Keyboard shortcuts

Press or to navigate between chapters

Press S or / to search in the book

Press ? to show this help

Press Esc to hide this help

IndexedBackend Pattern

SQLite Metadata + Content-Addressed Blob Storage

This document describes the IndexedBackend architecture pattern: separating filesystem metadata (stored in SQLite) from file content (stored as blobs). This enables efficient queries, large file support, and flexible storage backends.

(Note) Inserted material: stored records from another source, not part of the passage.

(* Let $U\subseteq\mathbb{R}^4$ be open with coordinates $(x^1,x^2,x^3,x^4)$ and let $a,b,p,q,s$ be real constants with $a^2+b^2\neq0$. Consider the Lorentzian metric $$g=2\,dx^1dx^4+(dx^2)^2+(dx^3)^2+\Big(x^4\big(a(x^2)^2+b(x^3)^2\big)+p(x^2)^2+2qx^2x^3+s(x^3)^2\Big)(dx^4)^2$$ on $U$. Then $(U,g)$ belongs to class $\mathcal{A}$ (its Ricci tensor is a Killing tensor) if and only if $b=-a$.
   Context: A pseudo-Riemannian manifold belongs to Gray's class $\mathcal{A}$ if its Ricci tensor $\varrho$ is cyclic-parallel, $(\nabla_X\varrho)(Y,Z)+(\nabla_Y\varrho)(Z,X)+(\nabla_Z\varrho)(X,Y)=0$ for all vector fields $X,Y,Z$, equivalently $(\nabla_X\varrho)(X,X)=0$ for all $X$; $\nabla$ is the Levi-Civita connection. *)

theory Defs
  imports "HOL-Analysis.Analysis" "HOL-Library.Numeral_Type"
begin

text \<open>Pseudo-Riemannian metrics on an open subset of R^4, given in the global
coordinates (x^1,...,x^4) = (x$1,...,x$4) by their component functions
g_ij(x). Indices range over the 4-element type 4 (elements 1,2,3,4).\<close>

type_synonym metric4 = "real^4 \<Rightarrow> 4 \<Rightarrow> 4 \<Rightarrow> real"

definition pd :: "4 \<Rightarrow> (real^4 \<Rightarrow> real) \<Rightarrow> real^4 \<Rightarrow> real" where
  "pd i f x = deriv (\<lambda>t. f (x + t *\<^sub>R axis i 1)) 0"

definition ginv :: "metric4 \<Rightarrow> real^4 \<Rightarrow> 4 \<Rightarrow> 4 \<Rightarrow> real" where
  "ginv g x i j = matrix_inv (\<chi> k l. g x k l) $ i $ j"

definition christoffel :: "metric4 \<Rightarrow> real^4 \<Rightarrow> 4 \<Rightarrow> 4 \<Rightarrow> 4 \<Rightarrow> real" where
  "christoffel g x k i j = (1/2) * (\<Sum>l\<in>UNIV. ginv g x k l *
      (pd i (\<lambda>y. g y j l) x + pd j (\<lambda>y. g y i l) x - pd l (\<lambda>y. g y i j) x))"

definition ricci :: "metric4 \<Rightarrow> real^4 \<Rightarrow> 4 \<Rightarrow> 4 \<Rightarrow> real" where
  "ricci g x j k = (\<Sum>i\<in>UNIV.
      pd i (\<lambda>y. christoffel g y i j k) x - pd j (\<lambda>y. christoffel g y i i k) x
      + (\<Sum>p\<in>UNIV. christoffel g x i i p * christoffel g x p j k
                   - christoffel g x i j p * christoffel g x p i k))"

definition nabla_ricci :: "metric4 \<Rightarrow> real^4 \<Rightarrow> 4 \<Rightarrow> 4 \<Rightarrow> 4 \<Rightarrow> real" where
  "nabla_ricci g x i j k = pd i (\<lambda>y. ricci g y j k) x
      - (\<Sum>p\<in>UNIV. christoffel g x p i j * ricci g x p k)
      - (\<Sum>p\<in>UNIV. christoffel g x p i k * ricci g x j p)"

text \<open>Gray's class A: the Ricci tensor is cyclic-parallel at every point of U
(tensorial identity, checked on the coordinate frame).\<close>
definition class_A :: "metric4 \<Rightarrow> (real^4) set \<Rightarrow> bool" where
  "class_A g U \<longleftrightarrow> (\<forall>x\<in>U. \<forall>i j k.
      nabla_ricci g x i j k + nabla_ricci g x j k i + nabla_ricci g x k i j = 0)"

definition walker_H :: "real \<Rightarrow> real \<Rightarrow> real \<Rightarrow> real \<Rightarrow> real \<Rightarrow> real^4 \<Rightarrow> real" where
  "walker_H a b p q s x = x$4 * (a * (x$2)^2 + b * (x$3)^2)
      + p * (x$2)^2 + 2 * q * x$2 * x$3 + s * (x$3)^2"

definition walker_metric :: "real \<Rightarrow> real \<Rightarrow> real \<Rightarrow> real \<Rightarrow> real \<Rightarrow> metric4" where
  "walker_metric a b p q s x i j =
     (if (i = 1 \<and> j = 4) \<or> (i = 4 \<and> j = 1) then 1
      else if i = j \<and> (i = 2 \<or> i = 3) then 1
      else if i = 4 \<and> j = 4 then walker_H a b p q s x
      else 0)"

end

theory Submission imports Defs begin

text \<open>The metric is in Brinkmann form \<open>2 dx\<^sup>1dx\<^sup>4 + (dx\<^sup>2)\<^sup>2 + (dx\<^sup>3)\<^sup>2 + H (dx\<^sup>4)\<^sup>2\<close> with \<open>H\<close>
independent of \<open>x\<^sup>1\<close>. Its Christoffel symbols are halved first derivatives of \<open>H\<close>, none
has upper index 4, so the quadratic terms of the curvature vanish and the Ricci tensor
reduces to \<open>\<rho> = \<rho>\<^sub>4\<^sub>4 dx\<^sup>4 \<otimes> dx\<^sup>4\<close> with \<open>\<rho>\<^sub>4\<^sub>4 = -(\<partial>\<^sub>2\<^sup>2 H + \<partial>\<^sub>3\<^sup>2 H)/2\<close>. For the same reason
\<open>\<nabla>\<rho> = d\<rho>\<^sub>4\<^sub>4 \<otimes> dx\<^sup>4 \<otimes> dx\<^sup>4\<close>, whose cyclic sum vanishes iff \<open>d\<rho>\<^sub>4\<^sub>4 = 0\<close>. For the given
\<open>H\<close> one gets \<open>\<rho>\<^sub>4\<^sub>4 = -((a + b) x\<^sup>4 + p + s)\<close>.\<close>

definition coord_differentiable :: "(real^4 \<Rightarrow> real) \<Rightarrow> bool" where
  "coord_differentiable f \<longleftrightarrow> (\<forall>x i. (\<lambda>t. f (x + t *\<^sub>R axis i 1)) differentiable (at 0))"

text \<open>Invariance along lines, rather than \<open>pd k f = 0\<close>, is inherited by all partial
derivatives without any symmetry of second derivatives.\<close>

definition axis_invariant :: "4 \<Rightarrow> (real^4 \<Rightarrow> real) \<Rightarrow> bool" where
  "axis_invariant k f \<longleftrightarrow> (\<forall>x t. f (x + t *\<^sub>R axis k 1) = f x)"

lemma pd_eqI:
  "((\<lambda>t. f (x + t *\<^sub>R axis i 1)) has_real_derivative D) (at 0) \<Longrightarrow> pd i f x = D"
  by (simp add: pd_def DERIV_imp_deriv)

lemma coord_differentiableD:
  "coord_differentiable f \<Longrightarrow> ((\<lambda>t. f (x + t *\<^sub>R axis i 1)) has_real_derivative pd i f x) (at 0)"
  unfolding coord_differentiable_def pd_def using DERIV_deriv_iff_real_differentiable by blast

lemma coord_differentiableI:
  "(\<And>x i. ((\<lambda>t. f (x + t *\<^sub>R axis i 1)) has_real_derivative D x i) (at 0))
    \<Longrightarrow> coord_differentiable f"
  unfolding coord_differentiable_def using real_differentiable_def by blast

lemma axis_line_nth: "(x + t *\<^sub>R axis i 1) $ j = x $ j + (if j = i then t else 0)"
  by (simp add: axis_def)

lemma coord_differentiable_const [simp]: "coord_differentiable (\<lambda>y. c)"
  by (rule coord_differentiableI[where D = "\<lambda>_ _. 0"]) simp

lemma pd_const [simp]: "pd i (\<lambda>y. c) x = 0"
  by (rule pd_eqI) simp

lemma coord_differentiable_nth [simp]: "coord_differentiable (\<lambda>y. y $ j)"
  by (rule coord_differentiableI[where D = "\<lambda>_ i. if j = i then 1 else 0"])
    (subst axis_line_nth, auto intro!: derivative_eq_intros)

lemma pd_nth [simp]: "pd i (\<lambda>y. y $ j) x = (if j = i then 1 else 0)"
  by (rule pd_eqI, subst axis_line_nth) (auto intro!: derivative_eq_intros)

lemma coord_differentiable_add [simp]:
  "coord_differentiable f \<Longrightarrow> coord_differentiable g \<Longrightarrow> coord_differentiable (\<lambda>y. f y + g y)"
  by (rule coord_differentiableI) (rule DERIV_add; erule coord_differentiableD)

lemma pd_add [simp]:
  "coord_differentiable f \<Longrightarrow> coord_differentiable g \<Longrightarrow> pd i (\<lambda>y. f y + g y) x = pd i f x + pd i g x"
  by (rule pd_eqI) (rule DERIV_add; erule coord_differentiableD)

lemma coord_differentiable_mult [simp]:
  "coord_differentiable f \<Longrightarrow> coord_differentiable g \<Longrightarrow> coord_differentiable (\<lambda>y. f y * g y)"
  by (rule coord_differentiableI) (rule DERIV_mult; erule coord_differentiableD)

lemma pd_mult [simp]:
  "coord_differentiable f \<Longrightarrow> coord_differentiable g
    \<Longrightarrow> pd i (\<lambda>y. f y * g y) x = pd i f x * g x + f x * pd i g x"
  by (rule pd_eqI) (rule derivative_eq_intros, (erule coord_differentiableD)+, simp)

lemma coord_differentiable_minus [simp]:
  "coord_differentiable f \<Longrightarrow> coord_differentiable (\<lambda>y. - f y)"
  by (rule coord_differentiableI) (rule DERIV_minus; erule coord_differentiableD)

lemma pd_minus [simp]: "coord_differentiable f \<Longrightarrow> pd i (\<lambda>y. - f y) x = - pd i f x"
  by (rule pd_eqI) (rule DERIV_minus; erule coord_differentiableD)

lemma coord_differentiable_power [simp]:
  "coord_differentiable f \<Longrightarrow> coord_differentiable (\<lambda>y. f y ^ n)"
  by (rule coord_differentiableI) (rule derivative_eq_intros, erule coord_differentiableD, simp)

lemma pd_power [simp]:
  "coord_differentiable f \<Longrightarrow> pd i (\<lambda>y. f y ^ n) x = real n * f x ^ (n - 1) * pd i f x"
  by (rule pd_eqI) (rule derivative_eq_intros, erule coord_differentiableD, simp)

lemma coord_differentiable_divide [simp]:
  "coord_differentiable f \<Longrightarrow> coord_differentiable (\<lambda>y. f y / c)"
  by (rule coord_differentiableI) (rule DERIV_cdivide; erule coord_differentiableD)

lemma pd_divide [simp]: "coord_differentiable f \<Longrightarrow> pd i (\<lambda>y. f y / c) x = pd i f x / c"
  by (rule pd_eqI) (rule DERIV_cdivide; erule coord_differentiableD)

lemma pd_axis_invariant: "axis_invariant k f \<Longrightarrow> pd k f x = 0"
  unfolding axis_invariant_def by (rule pd_eqI) simp

lemma axis_invariant_pd: "axis_invariant k f \<Longrightarrow> axis_invariant k (pd i f)"
proof (unfold axis_invariant_def, intro allI)
  fix x t
  assume inv: "\<forall>x t. f (x + t *\<^sub>R axis k 1) = f x"
  have "f (x + t *\<^sub>R axis k 1 + s *\<^sub>R axis i 1) = f (x + s *\<^sub>R axis i 1)" for s
    using inv[rule_format, of "x + s *\<^sub>R axis i 1" t] by (simp add: algebra_simps)
  then show "pd i f (x + t *\<^sub>R axis k 1) = pd i f x"
    by (simp add: pd_def)
qed

lemma matrix_inv_unique:
  fixes A :: "'a::semiring_1^'n^'m" and B :: "'a^'m^'n"
  assumes "A ** B = mat 1" and "B ** A = mat 1"
  shows "matrix_inv A = B"
proof -
  let ?C = "matrix_inv A"
  have C: "A ** ?C = mat 1 \<and> ?C ** A = mat 1"
    unfolding matrix_inv_def by (rule someI[of _ B]) (use assms in auto)
  have "?C = ?C ** (A ** B)" using assms by (simp add: matrix_mul_rid)
  also have "\<dots> = (?C ** A) ** B" by (simp add: matrix_mul_assoc)
  also have "\<dots> = B" using C by (simp add: matrix_mul_lid)
  finally show ?thesis .
qed

definition brinkmann_metric :: "(real^4 \<Rightarrow> real) \<Rightarrow> metric4" where
  "brinkmann_metric H x i j =
     (if (i = 1 \<and> j = 4) \<or> (i = 4 \<and> j = 1) then 1
      else if i = j \<and> (i = 2 \<or> i = 3) then 1
      else if i = 4 \<and> j = 4 then H x
      else 0)"

definition transverse_laplacian :: "(real^4 \<Rightarrow> real) \<Rightarrow> real^4 \<Rightarrow> real" where
  "transverse_laplacian H x = pd 2 (pd 2 H) x + pd 3 (pd 3 H) x"

lemma ginv_brinkmann:
  "ginv (brinkmann_metric H) x k l =
     (if k = 1 \<and> l = 1 then - H x
      else if (k = 1 \<and> l = 4) \<or> (k = 4 \<and> l = 1) then 1
      else if k = l \<and> (k = 2 \<or> k = 3) then 1 else 0)"
    (is "_ = ?G k l")
proof -
  let ?g = "\<chi> k l. brinkmann_metric H x k l"
  have "?g ** (\<chi> k l. ?G k l) = mat 1" "(\<chi> k l. ?G k l) ** ?g = mat 1"
    unfolding vec_eq_iff forall_4
    by (simp_all add: matrix_matrix_mult_def sum_4 brinkmann_metric_def mat_def)
  then have "matrix_inv ?g = (\<chi> k l. ?G k l)"
    by (rule matrix_inv_unique)
  then show ?thesis unfolding ginv_def by simp
qed

lemma pd_brinkmann_metric:
  "pd i (\<lambda>y. brinkmann_metric H y j l) x = (if j = 4 \<and> l = 4 then pd i H x else 0)"
  using exhaust_4[of j] exhaust_4[of l]
  by (elim disjE) (simp_all add: brinkmann_metric_def)

lemma christoffel_brinkmann:
  assumes "axis_invariant 1 H"
  shows "christoffel (brinkmann_metric H) x k i j =
     (if k = 1 then (if i = 4 then pd j H x / 2 else if j = 4 then pd i H x / 2 else 0)
      else if (k = 2 \<or> k = 3) \<and> i = 4 \<and> j = 4 then - pd k H x / 2 else 0)"
  unfolding christoffel_def ginv_brinkmann pd_brinkmann_metric
  using exhaust_4[of k] exhaust_4[of i] exhaust_4[of j] pd_axis_invariant[OF assms]
  by (elim disjE) (simp_all add: sum_4)

lemma ricci_brinkmann:
  assumes inv: "axis_invariant 1 H" and diff: "\<And>m. coord_differentiable (pd m H)"
  shows "ricci (brinkmann_metric H) x j k =
     (if j = 4 \<and> k = 4 then - transverse_laplacian H x / 2 else 0)"
proof -
  have "pd 1 (pd m H) x = 0" for m
    by (rule pd_axis_invariant, rule axis_invariant_pd, rule inv)
  then show ?thesis
    unfolding ricci_def christoffel_brinkmann[OF inv] transverse_laplacian_def
    using exhaust_4[of j] exhaust_4[of k] pd_axis_invariant[OF inv] diff
    by (elim disjE) (simp_all add: sum_4)
qed

lemma nabla_ricci_brinkmann:
  assumes "axis_invariant 1 H" and "\<And>m. coord_differentiable (pd m H)"
  shows "nabla_ricci (brinkmann_metric H) x i j k =
     (if j = 4 \<and> k = 4 then pd i (\<lambda>y. ricci (brinkmann_metric H) y 4 4) x else 0)"
  unfolding nabla_ricci_def ricci_brinkmann[OF assms] christoffel_brinkmann[OF assms(1)]
  using exhaust_4[of j] exhaust_4[of k]
  by (elim disjE) (simp_all add: sum_4)

theorem class_A_brinkmann_iff:
  assumes "axis_invariant 1 H" and "\<And>m. coord_differentiable (pd m H)"
  shows "class_A (brinkmann_metric H) U \<longleftrightarrow>
     (\<forall>x\<in>U. \<forall>i. pd i (\<lambda>y. ricci (brinkmann_metric H) y 4 4) x = 0)"
    (is "_ \<longleftrightarrow> (\<forall>x\<in>U. \<forall>i. ?d x i = 0)")
proof
  assume A: "class_A (brinkmann_metric H) U"
  show "\<forall>x\<in>U. \<forall>i. ?d x i = 0"
  proof (intro ballI allI)
    fix x i
    assume "x \<in> U"
    with A have "nabla_ricci (brinkmann_metric H) x i 4 4 + nabla_ricci (brinkmann_metric H) x 4 4 i
        + nabla_ricci (brinkmann_metric H) x 4 i 4 = 0"
      unfolding class_A_def by blast
    then show "?d x i = 0"
      unfolding nabla_ricci_brinkmann[OF assms] by (cases "i = 4") simp_all
  qed
next
  assume "\<forall>x\<in>U. \<forall>i. ?d x i = 0"
  then show "class_A (brinkmann_metric H) U"
    unfolding class_A_def nabla_ricci_brinkmann[OF assms] by simp
qed

lemma walker_metric_eq_brinkmann:
  "walker_metric a b p q s = brinkmann_metric (walker_H a b p q s)"
  by (simp add: fun_eq_iff walker_metric_def brinkmann_metric_def)

lemma axis_invariant_walker_H: "axis_invariant 1 (walker_H a b p q s)"
  by (simp add: axis_invariant_def walker_H_def axis_def)

lemma pd_walker_H:
  "pd i (walker_H a b p q s) = (\<lambda>x.
     if i = 2 then 2 * a * x$4 * x$2 + 2 * p * x$2 + 2 * q * x$3
     else if i = 3 then 2 * b * x$4 * x$3 + 2 * q * x$2 + 2 * s * x$3
     else if i = 4 then a * (x$2)^2 + b * (x$3)^2 else 0)"
proof -
  have H: "walker_H a b p q s = (\<lambda>y. y$4 * (a * (y$2)^2 + b * (y$3)^2)
      + p * (y$2)^2 + 2 * q * y$2 * y$3 + s * (y$3)^2)"
    by (simp add: walker_H_def fun_eq_iff)
  show ?thesis
    unfolding H using exhaust_4[of i] by (elim disjE) (simp_all add: fun_eq_iff algebra_simps)
qed

lemma coord_differentiable_pd_walker_H: "coord_differentiable (pd m (walker_H a b p q s))"
  unfolding pd_walker_H by (cases "m = 2"; cases "m = 3"; cases "m = 4") simp_all

lemma ricci_walker_metric:
  "ricci (walker_metric a b p q s) x 4 4 = - ((a + b) * x$4 + p + s)"
  unfolding walker_metric_eq_brinkmann
    ricci_brinkmann[OF axis_invariant_walker_H coord_differentiable_pd_walker_H]
  by (simp add: transverse_laplacian_def pd_walker_H field_simps)

lemma pd_ricci_walker_metric:
  "pd i (\<lambda>y. ricci (walker_metric a b p q s) y 4 4) x = (if i = 4 then - (a + b) else 0)"
  unfolding ricci_walker_metric by (subst pd_minus) simp_all

theorem mainTheorem3:
  fixes U :: "(real^4) set" and a b p q s :: real
  assumes "open U" and "U \<noteq> {}" and "a^2 + b^2 \<noteq> 0"
  shows "class_A (walker_metric a b p q s) U \<longleftrightarrow> b = -a"
proof -
  have "class_A (walker_metric a b p q s) U \<longleftrightarrow>
      (\<forall>x\<in>U. \<forall>i. pd i (\<lambda>y. ricci (walker_metric a b p q s) y 4 4) x = 0)"
    unfolding walker_metric_eq_brinkmann
    by (rule class_A_brinkmann_iff[OF axis_invariant_walker_H coord_differentiable_pd_walker_H])
  also have "\<dots> \<longleftrightarrow> a + b = 0"
    using \<open>U \<noteq> {}\<close> by (auto simp: pd_ricci_walker_metric)
  finally show ?thesis by auto
qed

end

Ecosystem Implementation: The anyfs-indexed crate provides IndexedBackend as a production-ready implementation using local disk blobs. See the Backends Guide for usage. This document covers the underlying design pattern for those building custom implementations (e.g., with S3, cloud storage, or custom blob stores).


Overview

The IndexedBackend pattern separates:

  • Metadata (directory structure, inodes, permissions) → SQLite
  • Content (file bytes) → Content-Addressed Storage (CAS)
┌─────────────────────────────────────────────────────────┐
│            IndexedBackend (pattern)                     │
│  ┌─────────────────────┐    ┌────────────────────────┐  │
│  │   SQLite Metadata   │    │   Blob Store (CAS)     │  │
│  │                     │    │                        │  │
│  │  - inodes           │    │  - content-addressed   │  │
│  │  - dir_entries      │    │  - deduplicated        │  │
│  │  - blob references  │    │  - S3, local, etc.     │  │
│  │  - audit log        │    │                        │  │
│  └─────────────────────┘    └────────────────────────┘  │
└─────────────────────────────────────────────────────────┘

Custom backends can use S3, cloud storage, or other blob stores.
IndexedBackend implements a simpler variant with UUID-named local blobs
(optimized for streaming; see note below on storage models).

Why this pattern?

  • SQLite is great for metadata queries (directory listings, stats, audit)
  • Blob stores scale better for large file content
  • Content-addressing enables deduplication
  • Separating concerns enables independent scaling

Storage Model Variants

ModelBlob NamingDedupBest For
Content-AddressedSHA-256 of content✅ YesCloud/S3, archival, multi-tenant
UUID+Timestamp{uuid}-{timestamp}.bin❌ NoStreaming large files, simplicity

IndexedBackend uses UUID+Timestamp naming because:

  • Large files can be streamed without buffering the entire file to compute a hash
  • Write latency is consistent (no hash computation)
  • Simpler garbage collection (delete blob when reference removed)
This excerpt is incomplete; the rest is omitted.